Art and the Nation-State: Cải Lương and the Performance of Vietnamese Identity

The 2010 Second Annual National Graduate Student Conference in Performance Studies hosted by University of California, Los Ange



The 2010 Second Annual National Graduate Student Conference in Performance Studies hosted by University of California, Los Angeles was titled “Anxieties of Overexposure; Enlargements, Catagions and the Dark.”  Panels covered the transnational theatre experience through praxis from the traditional to the modern.

One of our spotlighted scholars was Khai Thu Nguyen, a James R. Gray lecturer and postdoctoral fellow in the Department of Theater, Dance, and Performance Studies at University of California, Berkeley.  Her paper seeks to understand the transformative power of popular theatre in repressive regimes.  Nguyen’s research is centered on the changing conceptualizations of South Vietnamese and Vietnamese identity in relation to a musical theater form known as cải lương. Cải lương developed through a synthesis of Vietnamese, Chinese, and French narrative and performance traditions. The genre’s strong affective appeal to the audience has made it play key roles in the performance of local and national Vietnamese identity.

In the following interview, Nguyen reflects on her research into the history, performance and politics of cải lương. 

Fitzgerald: Why were you drawn to this research?

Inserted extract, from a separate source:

(* Let $\mathcal{H}=\mathcal{H}_1\otimes\cdots\otimes\mathcal{H}_n$ be a tensor product of finite-dimensional complex Hilbert spaces, $\ket{\psi}\in\mathcal{H}$ a unit vector and $\rho=\ket{\psi}\bra{\psi}$. For each $k$ with $0\le k\le n$ let $\mathrm{Harm}^k(\rho)\subseteq\Omega^k(\rho)$ be the space of harmonic entanglement $k$-forms, i.e. those $\omega$ with $d^k\omega=0$ and $\delta^{k-1}\omega=0$. Then $$\mathrm{Harm}^k(\rho)\cong\mathrm{Harm}^{n-k}(\rho).$$
   Context: Notation. For $I\subseteq\{1,\dots,n\}$, $\mathcal{H}_I=\bigotimes_{i\in I}\mathcal{H}_i$ with factors in increasing order; $\rho_I=\mathrm{tr}_{I^C}(\rho)$ is the reduced density matrix (partial trace over the complementary factors), $s_I$ is the orthogonal projection onto $\mathrm{im}(\rho_I)$, and $\mathcal{O}|_{\rho_I}=s_I\mathcal{O}s_I$ for an operator $\mathcal{O}$ on $\mathcal{H}_I$. Entanglement forms. $\Omega^0(\rho)=\mathbb{C}$, and for $1\le k\le n$, $\Omega^k(\rho)=\prod_{|I|=k}\{s_I\mathcal{O}s_I:\mathcal{O}\in\mathrm{End}(\mathcal{H}_I)\}$ (tuples $\omega=(\omega_I)_{|I|=k}$ indexed by the $k$-element subsets). Signed tensor product. For $j\notin J$ and an operator $X$ on $\mathcal{H}_J$, $\mathbb{I}_j\,\widehat{\otimes}\,X$ denotes $(-1)^{p}$ times the operator on $\mathcal{H}_{J\cup\{j\}}$ (factors in increasing order) acting as the identity on the factor $\mathcal{H}_j$ and as $X$ on the remaining factors, where $p=\#\{i\in J: i<j\}$. Coboundary. $d^0\lambda=(\lambda s_{\{1\}},\dots,\lambda s_{\{n\}})$ for $\lambda\in\mathbb{C}$; for $1\le m\le n-1$, $d^m:\Omega^m(\rho)\to\Omega^{m+1}(\rho)$ has components $(d^m\omega)_I = \big(m\sum_{j\in I}\mathbb{I}_j\,\widehat{\otimes}\,\omega_{I\setminus\{j\}}\big)\big|_{\rho_I}$ for $|I|=m+1$; $d^n=0$. (This satisfies $d^{m}\circ d^{m-1}=0$.) Inner product. On $\Omega^0=\mathbb{C}$, $\langle z,w\rangle=z\bar w$. For $1\le k\le n$ and each $|I|=k$, take a Schmidt decomposition $\ket{\psi}=\sum_{\alpha=1}^{S}\lambda_\alpha\ket{\alpha_I}\otimes\ket{\alpha_{I^C}}$ of $\ket\psi$ with respect to the bipartition $\mathcal{H}_I\otimes\mathcal{H}_{I^C}$ (factors reordered; $\mathcal{H}_\emptyset=\mathbb{C}$), with $\lambda_\alpha>0$ and orthonormal $\ket{\alpha_I}$, which span $\mathrm{im}(\rho_I)$; write $(\omega_I)_{\alpha\beta}=\bra{\alpha_I}\omega_I\ket{\beta_I}$. Then $$\langle\omega,\eta\rangle=\sum_{|I|=k}\sum_{\alpha,\beta=1}^{S}\lambda_\alpha\lambda_\beta\,(\omega_I)_{\alpha\beta}\,\overline{(\eta_I)_{\alpha\beta}},$$ which is positive definite and independent of the choice of Schmidt bases. (In the paper this is defined as $\mathrm{tr}((\omega\wedge\ast\eta)|_{\rho})$ via a wedge product and Hodge star, and shown to equal this formula.) Codifferential. $\delta^{k-1}:\Omega^k(\rho)\to\Omega^{k-1}(\rho)$ is the adjoint of $d^{k-1}$ with respect to these inner products: $\langle d^{k-1}\omega,\eta\rangle=\langle\omega,\delta^{k-1}\eta\rangle$. For $k=0$, $\delta^{-1}=0$. *)

theory Defs
  imports Complex_Main
begin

Nguyen: I was drawn to this research during my fieldwork in Ho Chi Minh City in 2006-2007 when many artists I met would talk to me about cải lương as one of the performance forms they most cherished and felt most worthy of research.  I recognized a great passion in these artists, directors, performers, and audience members for the cải lương form, a “renovated” opera that they felt was integral to the identity of Southern Vietnam.  I myself fell in love with cải lương when I watched it on the stage in Vietnam—I remember being amazed at its intricate formal details, its mixture of both distanciation and highly affective identification with the audience, and the amazing versatility, training, and talent of performers.  It surprised me that I had remembered cải lương from my childhood in Vietnam as an overly sentimental and low form of art.  Indeed, these pervasive associations about cải lương made the word synonymous for “melodramatic” in contemporary Vietnam.  Common perceptions of cải lương were interestingly mixed—a large number of people saw the form as innately close to them; at the same time it was often critiqued as an overly sentimental, low-quality form of entertainment.  The impassioned emotions about cải lương —from ardent appreciation to castigation—intrigued me a great deal.  I began to think about what contrasting ideas towards art and nation were imbued in these varying attitudes towards cải lương, particularly noting Northern and “official” discourses about the melodramatic quality of cải lương in contrast to the impassioned attachment of Southern and Vietnamese audiences towards the form.  How did cải lương participate in the demarcations of local and national identity, in the designation of southern and northern identity?  These questions became part of my dissertation project, now book project, on the political functions of melodrama in nation building in twentieth century Vietnam.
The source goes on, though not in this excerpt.